Surgery, Again!

Surgery, again! I have needed a few, starting very early in life. They have all been a special treat from Ehlers-Danlos Syndrome.

Here I am, checking in for surgery, again! Back at the 6th Floor, the Outpatient Surgery Center at UCLA. I’ve been here before. No place I’d rather be, that is for sure. 👍

Look good and have fun, always.

Look good and have fun, always.

It’s customary to start the powerful hypnotic-sedative Versed through the IV before the patient is moved to the operating room. Surgery is scary. If they did not sedate you, you might get off the table and run, right? Best for everyone involved, to make the patient high as a kite and feeling no anxiety whatsoever.

However, I make the staff wheel me all the way to the operating theater with no drugs. Oh, I insist.

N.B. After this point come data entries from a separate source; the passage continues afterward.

lemma shatters_subset:
  assumes "shatters F Y" and "Z \<subseteq> Y"
  shows "shatters F Z"
  unfolding shatters_def
proof (rule equalityI)
  show "Pow Z \<subseteq> (\<lambda>S. Z \<inter> S) ` F"
  proof
    fix W assume "W \<in> Pow Z"
    then have "W \<in> (\<lambda>S. Y \<inter> S) ` F"
      using assms by (auto simp: shatters_def)
    then obtain S where "S \<in> F" "W = Y \<inter> S" by blast
    then show "W \<in> (\<lambda>S. Z \<inter> S) ` F" using \<open>W \<in> Pow Z\<close> \<open>Z \<subseteq> Y\<close> by auto
  qed
qed auto

lemma shatters_singleton_iff:
  "shatters F {g} \<longleftrightarrow> (\<exists>S\<in>F. g \<in> S) \<and> (\<exists>S\<in>F. g \<notin> S)"
proof
  assume "shatters F {g}"
  then have "{g} \<in> (\<lambda>S. {g} \<inter> S) ` F" and "{} \<in> (\<lambda>S. {g} \<inter> S) ` F"
    by (auto simp: shatters_def)
  then show "(\<exists>S\<in>F. g \<in> S) \<and> (\<exists>S\<in>F. g \<notin> S)"
    by (auto simp: image_iff)
next
  assume "(\<exists>S\<in>F. g \<in> S) \<and> (\<exists>S\<in>F. g \<notin> S)"
  then obtain S T where "S \<in> F" "g \<in> S" "T \<in> F" "g \<notin> T" by blast
  then have "{g} \<inter> S = {g}" "{g} \<inter> T = {}" by auto
  moreover have "Pow {g} = {{}, {g}}" by blast
  ultimately show "shatters F {g}"
    unfolding shatters_def using \<open>S \<in> F\<close> \<open>T \<in> F\<close> by (auto simp: image_iff)
qed

lemma VC_eq_0_iff:
  assumes "F \<subseteq> Pow X"
  shows "VC X F = 0 \<longleftrightarrow> (\<forall>S\<in>F. \<forall>T\<in>F. S = T)"
proof -
  have "VC X F = 0 \<longleftrightarrow> (\<forall>Y. Y \<subseteq> X \<and> finite Y \<and> shatters F Y \<longrightarrow> Y = {})"
    unfolding VC_def bot_enat_def [symmetric] SUP_bot_conv by (auto simp: bot_enat_def zero_enat_def)
  also have "\<dots> \<longleftrightarrow> (\<forall>g\<in>X. \<not> shatters F {g})"
  proof
    assume "\<forall>Y. Y \<subseteq> X \<and> finite Y \<and> shatters F Y \<longrightarrow> Y = {}"
    then show "\<forall>g\<in>X. \<not> shatters F {g}" by blast
  next
    assume none: "\<forall>g\<in>X. \<not> shatters F {g}"
    show "\<forall>Y. Y \<subseteq> X \<and> finite Y \<and> shatters F Y \<longrightarrow> Y = {}"
    proof (intro allI impI)
      fix Y assume Y: "Y \<subseteq> X \<and> finite Y \<and> shatters F Y"
      show "Y = {}"
      proof (rule ccontr)
        assume "Y \<noteq> {}"
        then obtain g where "g \<in> Y" by blast
        then show False using none Y shatters_subset[of F Y "{g}"] by blast
      qed
    qed
  qed
  also have "\<dots> \<longleftrightarrow> (\<forall>S\<in>F. \<forall>T\<in>F. S = T)"
    using assms unfolding shatters_singleton_iff by blast
  finally show ?thesis .
qed

definition opposite_group :: "('a, 'b) monoid_scheme \<Rightarrow> ('a, 'b) monoid_scheme" where
  "opposite_group G = G\<lparr>mult := \<lambda>x y. y \<otimes>\<^bsub>G\<^esub> x\<rparr>"

lemma opposite_group_simps [simp]:
  "carrier (opposite_group G) = carrier G"
  "\<one>\<^bsub>opposite_group G\<^esub> = \<one>\<^bsub>G\<^esub>"
  "x \<otimes>\<^bsub>opposite_group G\<^esub> y = y \<otimes>\<^bsub>G\<^esub> x"
  by (simp_all add: opposite_group_def)

lemma inv_opposite_group [simp]: "inv\<^bsub>opposite_group G\<^esub> x = inv\<^bsub>G\<^esub> x"
  unfolding m_inv_def opposite_group_simps by meson

lemma (in group) group_opposite_group: "group (opposite_group G)"
proof (rule groupI)
  fix x assume "x \<in> carrier (opposite_group G)"
  then show "\<exists>y\<in>carrier (opposite_group G). y \<otimes>\<^bsub>opposite_group G\<^esub> x = \<one>\<^bsub>opposite_group G\<^esub>"
    by (auto intro: bexI [of _ "inv x"])
qed (simp_all add: m_assoc)

lemma l_coset_opposite_group [simp]: "x <#\<^bsub>opposite_group G\<^esub> A = A #>\<^bsub>G\<^esub> x"
  by (simp add: l_coset_def r_coset_def)

lemma r_coset_opposite_group [simp]: "A #>\<^bsub>opposite_group G\<^esub> x = x <#\<^bsub>G\<^esub> A"
  by (simp add: l_coset_def r_coset_def)

lemma set_mult_opposite_group [simp]: "A <#>\<^bsub>opposite_group G\<^esub> B = B <#>\<^bsub>G\<^esub> A"
  by (auto simp: set_mult_def)

lemma set_inv_opposite_group [simp]: "set_inv\<^bsub>opposite_group G\<^esub> A = set_inv\<^bsub>G\<^esub> A"
  by (simp add: SET_INV_def)

lemma subgroup_opposite_group_iff [simp]: "subgroup H (opposite_group G) \<longleftrightarrow> subgroup H G"
  unfolding subgroup_def by auto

Why do I do refuse this humane protocol?

So I can position myself on the operating table properly. I must must must pile up blankets or towels to support my too-long neck and delicate spine while I am fully conscious because there is no surgical procedure that will hurt as much as my spine will after my body is shoved around on that hard operating table while I am completely limp and unconscious.

My body excels at protective microspamsing, and at sending pointless pain signals back to my brain. It is very aware that my flawed collagen is easily injured. Sound the alarm!!!! My body is so adept at letting me know I am getting hurt. Pain has been my guide. Life with my life-limiting disease. What’s not to love? It is my abusive partner that dictates everything I do. Blush.

It’s a long ride back there on the 6th Floor of UCLA to the operating room, and the panic sets in. It is torture. That operating room is a creepy place. Who are all these people? What are all these machines? I want to get out of here!!!!

But I have to keep myself calm, position my blankets, wait and make sure I am comfortable and my spine is supported. The surgery team has to wait, while I take a moment to see if I have done a good job. They can keep waiting.

This is the most important part of the surgery, in my opinion. Does the doctor have a full surgery schedule today? Does he want to get home to his family? All of that can wait, until I am comfortably nice and snuggly.

There must be no spine screaming later, because even a morphine drip won’t be enough for that pain. So I’ve experienced, before I knew better and insisted we do things my way.

This takes real focus and calm. You have to hold yourself together through the severest panic, while tuning into your body to take in how it feels, while simultaneously bossing doctors around. It is yet another way my disease has made me brave, mindful, selfish and thoroughly transcendent, at least by my sarcastic estimation. Thanks, flawed collagen. 

Woke up just fine. No problems. Cheers, didn’t feel a thing!

Look good and have fun, always.

Look good and have fun, always.

Skipping that initial sedation and arriving fully conscious in the operating room will make a real man out of you, if Ehlers-Danlos hasn’t already.

But then I am sure it has.

Oh, and get me a bucket. I am Zofran intolerant. Unless I have been given Propofol only, I will throw up. A cocktail of Propofol with Versed and morphine or Demerol is, well, quickly rejected. Or rather, ejected.